La prisión del Rey Fernando VII de España había provocado graves convulsiones en las colonias hispánicas, que buscaron formas de resolver la acefalia producida por el avance napoleónico.
Entre ellas, la de coronar en el Virreinato del Río de La Plata a la regenta de Portugal, exiliada con toda su corte en el Brasil, la princesa Carlota, hermana del rey de España.
Bernardo Monteagudo, había recibido sus grados el año an­terior a la sublevación y su padrino de tesis había sido el influ­yente oidor Ussoz y Mosi, quien también fue su protector y apañador. A instancias suyas, la Audiencia designa a su protegido, una vez graduado, Defensor de Pobres en lo Civil.

Rápidamente se comprendió con el movimiento libertario, que era la tendencia predominante entre los estudiantes y jó­venes doctores de Chuquisaca, y no le costó sobresalir nítidamente como uno de sus líderes, como antes lo habían sido otros "abajeños"; que así se llamaba a quienes subían desde Buenos Aires: Moreno, Castelli, Paso, Serrano, Oliden, Anchorena.
Otra de las motivaciones habrá sido, sin duda alguna, su humilde origen y el resentimiento en él despertado por sentirse en inferioridad de condiciones ante sus compañeros de más holgada posición económica.

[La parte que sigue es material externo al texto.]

(* Let $f$ be holomorphic on the open unit disk $\Delta=\{z\in\mathbb C:|z|<1\}$, let $0<r<1$ and $K=\overline\Delta_r=\{z:|z|\le r\}$. For $n\ge 0$ let $N_K(n)$ denote the maximal number (possibly $+\infty$) of zeros on $K$ of functions $f-p$ with $p\in\mathcal P_n$. If $\lim_{n\to\infty}N_K(n)/n=\infty$, then $f$ is a polynomial.
   Context: $\mathcal P_n$ denotes the space of complex polynomials in one variable of degree at most $n$. Zeros are counted with multiplicity. *)

theory Defs
  imports "HOL-Complex_Analysis.Complex_Analysis" "HOL-Computational_Algebra.Polynomial"
    "HOL-Library.Extended_Real"
begin

definition zero_count :: "(complex \<Rightarrow> complex) \<Rightarrow> complex set \<Rightarrow> enat" where
  "zero_count g K =
     (if infinite {z \<in> K. g z = 0} then \<infinity>
      else enat (\<Sum>z\<in>{z \<in> K. g z = 0}. nat (zorder g z)))"

definition N_K :: "(complex \<Rightarrow> complex) \<Rightarrow> complex set \<Rightarrow> nat \<Rightarrow> enat" where
  "N_K f K n = (SUP p \<in> {p :: complex poly. degree p \<le> n}. zero_count (\<lambda>z. f z - poly p z) K)"

end

theory Submission
  imports Defs
begin

text \<open>
  If \<open>g = f - p\<close>, with \<open>degree p \<le> n\<close>, has \<open>N\<close> zeros in \<open>|z| \<le> r\<close>, then dividing out
  the zeros and multiplying by the Blaschke factors of the circle \<open>|z| = R\<close> gives
  \<open>|g| \<le> q^N max{|g t| : |t| = R}\<close> on \<open>|z| \<le> r\<close>, where \<open>q = 2rR/(R^2 + r^2) < 1\<close>.
  Comparing \<open>p\<close> with the Taylor polynomial of degree \<open>n\<close> of \<open>f\<close> (a polynomial of degree \<open>n\<close>
  grows at most by the factor \<open>(n + 1)(R/r)^n\<close> from \<open>|z| = r\<close> to \<open>|z| = R\<close>) and applying
  Cauchy's estimate bounds every Taylor coefficient \<open>a k\<close> with \<open>k > n\<close>:
  \<open>|a k| r^k \<le> 4 (n + 1) (R/r)^n q^N (\<Sum>j>n. |a j| R^j)\<close>.

  As \<open>N\<close> may be any multiple of \<open>n\<close>, a fixed \<open>R < 1\<close> gives \<open>|a k|^(1/k) \<longrightarrow> 0\<close>, so \<open>f\<close> is
  entire. Then \<open>R = r A\<close> with \<open>A\<close> arbitrary gives
  \<open>b (n + 1) A^(2n) \<le> 16^(n+1) (\<Sum>j>n. b j A^j)\<close> for \<open>b j = |a j| r^j\<close>. If \<open>f\<close> were not a
  polynomial, Borel's argument would produce radii \<open>A\<close> at which \<open>n + 1\<close> is the central index
  of \<open>\<Sum>j. b j A^j\<close> and the whole series is at most \<open>e^(n+1) (n + 2)\<close> times its maximal
  term; for large \<open>A\<close> the two bounds are incompatible.
\<close>

section \<open>Taylor coefficients and Cauchy estimates\<close>

definition taylor_coeff :: "(complex \<Rightarrow> complex) \<Rightarrow> nat \<Rightarrow> complex" where
  "taylor_coeff f j = (deriv ^^ j) f 0 / fact j"
lemma (in group) band_block_incidences_bounded:
  assumes HC: "H \<subseteq> carrier G" and UC: "U \<subseteq> carrier G"
    and normalises: "\<And>h. h \<in> H \<Longrightarrow> (h <# U) #> inv h = U"
    and S: "(U <#> set_inv U) <#> (U <#> set_inv U) \<subseteq> S"
      "set_inv ((U <#> set_inv U) <#> (U <#> set_inv U)) \<subseteq> S"
    and N: "\<And>g. g \<in> H \<Longrightarrow>
      finite {h\<in>H. inv g \<otimes> h \<in> S} \<and> card {h\<in>H. inv g \<otimes> h \<in> S} \<le> N"
  shows "l \<in> H \<Longrightarrow>
      finite {k\<in>H. band_diagonal G U k \<inter> approx_block_diagonal G H U l \<noteq> {}} \<and>
      card {k\<in>H. band_diagonal G U k \<inter> approx_block_diagonal G H U l \<noteq> {}} \<le> N"
    and "k \<in> H \<Longrightarrow>
      finite {l\<in>H. approx_block_diagonal G H U l \<inter> band_diagonal G U k \<noteq> {}} \<and>
      card {l\<in>H. approx_block_diagonal G H U l \<inter> band_diagonal G U k \<noteq> {}} \<le> N"
proof -
  have bounded: "finite A \<and> card A \<le> N" if "g \<in> H" "A \<subseteq> {h\<in>H. inv g \<otimes> h \<in> S}" for g A
    using N[OF that(1)] that(2) finite_subset card_mono le_trans by meson
  have quotient: "inv l \<otimes> k \<in> S" and quotient_inv: "inv k \<otimes> l \<in> S"
    if "l \<in> H" "k \<in> H" "band_diagonal G U k \<inter> approx_block_diagonal G H U l \<noteq> {}" for k l
  proof -
    have lk: "l \<in> carrier G" "k \<in> carrier G" using that HC by auto
    have "inv l \<otimes> k \<in> (U <#> set_inv U) <#> (U <#> set_inv U)"
      using band_meets_block_imp_quotient[OF HC UC normalises that(1) lk(2) that(3)] .
    moreover have "inv (inv l \<otimes> k) = inv k \<otimes> l" using lk by (simp add: inv_mult_group)
    ultimately show "inv l \<otimes> k \<in> S" "inv k \<otimes> l \<in> S"
      using S set_inv_memI[of "inv l \<otimes> k" _ G] by auto
  qed
  show "l \<in> H \<Longrightarrow> finite {k\<in>H. band_diagonal G U k \<inter> approx_block_diagonal G H U l \<noteq> {}} \<and>
      card {k\<in>H. band_diagonal G U k \<inter> approx_block_diagonal G H U l \<noteq> {}} \<le> N"
    using quotient by (intro bounded) blast+
  show "k \<in> H \<Longrightarrow> finite {l\<in>H. approx_block_diagonal G H U l \<inter> band_diagonal G U k \<noteq> {}} \<and>
      card {l\<in>H. approx_block_diagonal G H U l \<inter> band_diagonal G U k \<noteq> {}} \<le> N"
    using quotient_inv by (intro bounded) (blast dest: Int_commute[THEN trans])+
qed

lemma band_diagonal_subset_Union_blocks:
  assumes "group G" and HC: "H \<subseteq> carrier G"
    and cover: "(\<Union>h\<in>H. h <#\<^bsub>G\<^esub> U) = carrier G"
  shows "band_diagonal G U k \<subseteq>
    \<Union>{approx_block_diagonal G H U l | l. l \<in> H \<and>
         approx_block_diagonal G H U l \<inter> band_diagonal G U k \<noteq> {}}"
proof clarify
  fix x y assume xy: "(x, y) \<in> band_diagonal G U k"
  then have "x \<in> carrier G" "y \<in> carrier G" unfolding band_diagonal_def by auto
  then obtain i j where ij: "i \<in> H" "j \<in> H" "x \<in> i <#\<^bsub>G\<^esub> U" "y \<in> j <#\<^bsub>G\<^esub> U"
    using cover by blast
  then have "i \<otimes>\<^bsub>G\<^esub> inv\<^bsub>G\<^esub> j \<in> carrier G"
    using HC \<open>group G\<close> by (auto intro: group.inv_closed monoid.m_closed group.is_monoid)
  then obtain l where l: "l \<in> H" "i \<otimes>\<^bsub>G\<^esub> inv\<^bsub>G\<^esub> j \<in> l <#\<^bsub>G\<^esub> U"
    using cover by blast
  then have "(x, y) \<in> approx_block_diagonal G H U l"
    unfolding approx_block_diagonal_def using ij by blast
  then show "(x, y) \<in> \<Union>{approx_block_diagonal G H U l | l. l \<in> H \<and>
         approx_block_diagonal G H U l \<inter> band_diagonal G U k \<noteq> {}}"
    using l xy by blast
qed

theorem mainTheorem11:
  fixes G :: "('a, 'b) monoid_scheme" and T :: "'a topology"
    and H :: "'a set" and U :: "'a set"
  assumes lcg: "locally_compact_group G T"
    and H_discrete: "discrete_subset T H"
    and U_meas: "U \<in> borel_sets_of T"
    and U_relcpt: "relatively_compact T U"
    and U_nbhd: "neighbourhood_of T U \<one>\<^bsub>G\<^esub>"
    and cover: "(\<Union>x\<in>H. x <#\<^bsub>G\<^esub> U) = carrier G"
    and disj: "\<forall>x\<in>H. \<forall>y\<in>H. x \<noteq> y \<longrightarrow> (x <#\<^bsub>G\<^esub> U) \<inter> (y <#\<^bsub>G\<^esub> U) = {}"
    and conj_inv: "\<forall>h\<in>H. (h <#\<^bsub>G\<^esub> U) #>\<^bsub>G\<^esub> inv\<^bsub>G\<^esub> h = U"
  shows "\<exists>n::nat.
     (\<forall>l\<in>H. finite {k\<in>H. band_diagonal G U k \<inter> approx_block_diagonal G H U l \<noteq> {}} \<and>
             card {k\<in>H. band_diagonal G U k \<inter> approx_block_diagonal G H U l \<noteq> {}} \<le> n) \<and>
     (\<forall>k\<in>H. finite {l\<in>H. approx_block_diagonal G H U l \<inter> band_diagonal G U k \<noteq> {}} \<and>
             card {l\<in>H. approx_block_diagonal G H U l \<inter> band_diagonal G U k \<noteq> {}} \<le> n \<and>
             band_diagonal G U k \<subseteq>
               \<Union>{approx_block_diagonal G H U l | l. l \<in> H \<and>
                    approx_block_diagonal G H U l \<inter> band_diagonal G U k \<noteq> {}})"
proof -
  have grp: "group G" and ts: "topspace T = carrier G"
    using lcg unfolding locally_compact_group_def by auto
  have HC: "H \<subseteq> carrier G" using H_discrete ts unfolding discrete_subset_def by auto
  have UC: "U \<subseteq> carrier G" using U_relcpt ts unfolding relatively_compact_def by auto
  obtain V where V: "openin T V" "\<one>\<^bsub>G\<^esub> \<in> V" "V \<subseteq> U"
    using U_nbhd unfolding neighbourhood_of_def by auto
  have disjoint: "(h <#\<^bsub>G\<^esub> V) \<inter> (h' <#\<^bsub>G\<^esub> V) = {}" if "h \<in> H" "h' \<in> H" "h \<noteq> h'" for h h'
    using disj that V(3) unfolding l_coset_def by blast
  obtain S where S: "compactin T S"
    "(U <#>\<^bsub>G\<^esub> set_inv\<^bsub>G\<^esub> U) <#>\<^bsub>G\<^esub> (U <#>\<^bsub>G\<^esub> set_inv\<^bsub>G\<^esub> U) \<subseteq> S"
    "set_inv\<^bsub>G\<^esub> ((U <#>\<^bsub>G\<^esub> set_inv\<^bsub>G\<^esub> U) <#>\<^bsub>G\<^esub> (U <#>\<^bsub>G\<^esub> set_inv\<^bsub>G\<^esub> U)) \<subseteq> S"
    using relatively_compact_quotients[OF lcg U_relcpt] by blast
  obtain N where "\<And>g. g \<in> carrier G \<Longrightarrow> finite {h\<in>H. inv\<^bsub>G\<^esub> g \<otimes>\<^bsub>G\<^esub> h \<in> S} \<and>
      card {h\<in>H. inv\<^bsub>G\<^esub> g \<otimes>\<^bsub>G\<^esub> h \<in> S} \<le> N"
    using uniformly_finite_in_translates[OF lcg S(1) V(1,2) HC disjoint] by blast
  then have N: "\<And>g. g \<in> H \<Longrightarrow> finite {h\<in>H. inv\<^bsub>G\<^esub> g \<otimes>\<^bsub>G\<^esub> h \<in> S} \<and>
      card {h\<in>H. inv\<^bsub>G\<^esub> g \<otimes>\<^bsub>G\<^esub> h \<in> S} \<le> N"
    using HC by blast
  have normalises: "\<And>h. h \<in> H \<Longrightarrow> (h <#\<^bsub>G\<^esub> U) #>\<^bsub>G\<^esub> inv\<^bsub>G\<^esub> h = U"
    using conj_inv by blast
  show ?thesis
    by (intro exI[of _ N])
      (simp add: group.band_block_incidences_bounded[OF grp HC UC normalises S(2,3) N]
        band_diagonal_subset_Union_blocks[OF grp HC cover])
qed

También es fácil adivinar que el haber tenido que soportar desde niño el apodo de "mulato" por parte de quienes se permitían desmerecerlo haya ido caldeando en su alma un fuerte deseo de venganza hacia quienes importaron a las Américas un color de piel desconocido.
Tampoco es de despreciar la influencia ideológica que sobre el pudiesen haber ejercido el presbítero Troncoso y el Oi­dor Ussoz y Mosi, ambos comprometidos con el movimiento revolucionario.

A Monteagudo lo distinguía también una indomable obsesión por la lectura. Cuentan sus condiscípulos que era incansa­ble en su afán de hacerse de libros que eran difíciles de obtener por entonces, y que para ello se ganaba los favores de quienes poseían bibliotecas bien surtidas de los textos más avanzados de la época y censurados en las aulas, como la de Ussoz y Mosi, su padrino.
Su pasión por leer desembocó, inevitablemente, en otra pa­sión: la escritura. Nadie puede robarle a Monteagudo el reconocimiento como la mejor pluma de los primeros años de nuestra independencia, talento que lo hizo insustituible para algunas de las figuras más importantes de la historia americana de entonces: San Martín, O'Higgins y Bolívar. Su estilo literario, brillante para la época, que puede ser todavía leído con placer, despojado en gran medida del amaneramiento y la ar­tificiosidad inevitables por entonces, reconoce la influencia de algunos de los autores más preponderantes de aquellos años, siendo frecuentes las citas de clásicos europeos y filósofos de la antigüedad.

No sorprende entonces que muy precozmente, a los diecinueve años, produjera un manifiesto que circuló profusamente entre los estudiantes y profesores de la Universidad y que sirvió para que el autor del "Diálogo de Atahualpa y Fernando VII" se granjeara una gran popularidad. Según todo parece indicar; el Manifiesto influyó fuertemente en las vocaciones libertarias que más tarde se desencadenaron. Despertaba entonces quien luego sería un gran propagandista revolucionario y uno de los intelectuales de mayor fuste de toda nuestra historia política.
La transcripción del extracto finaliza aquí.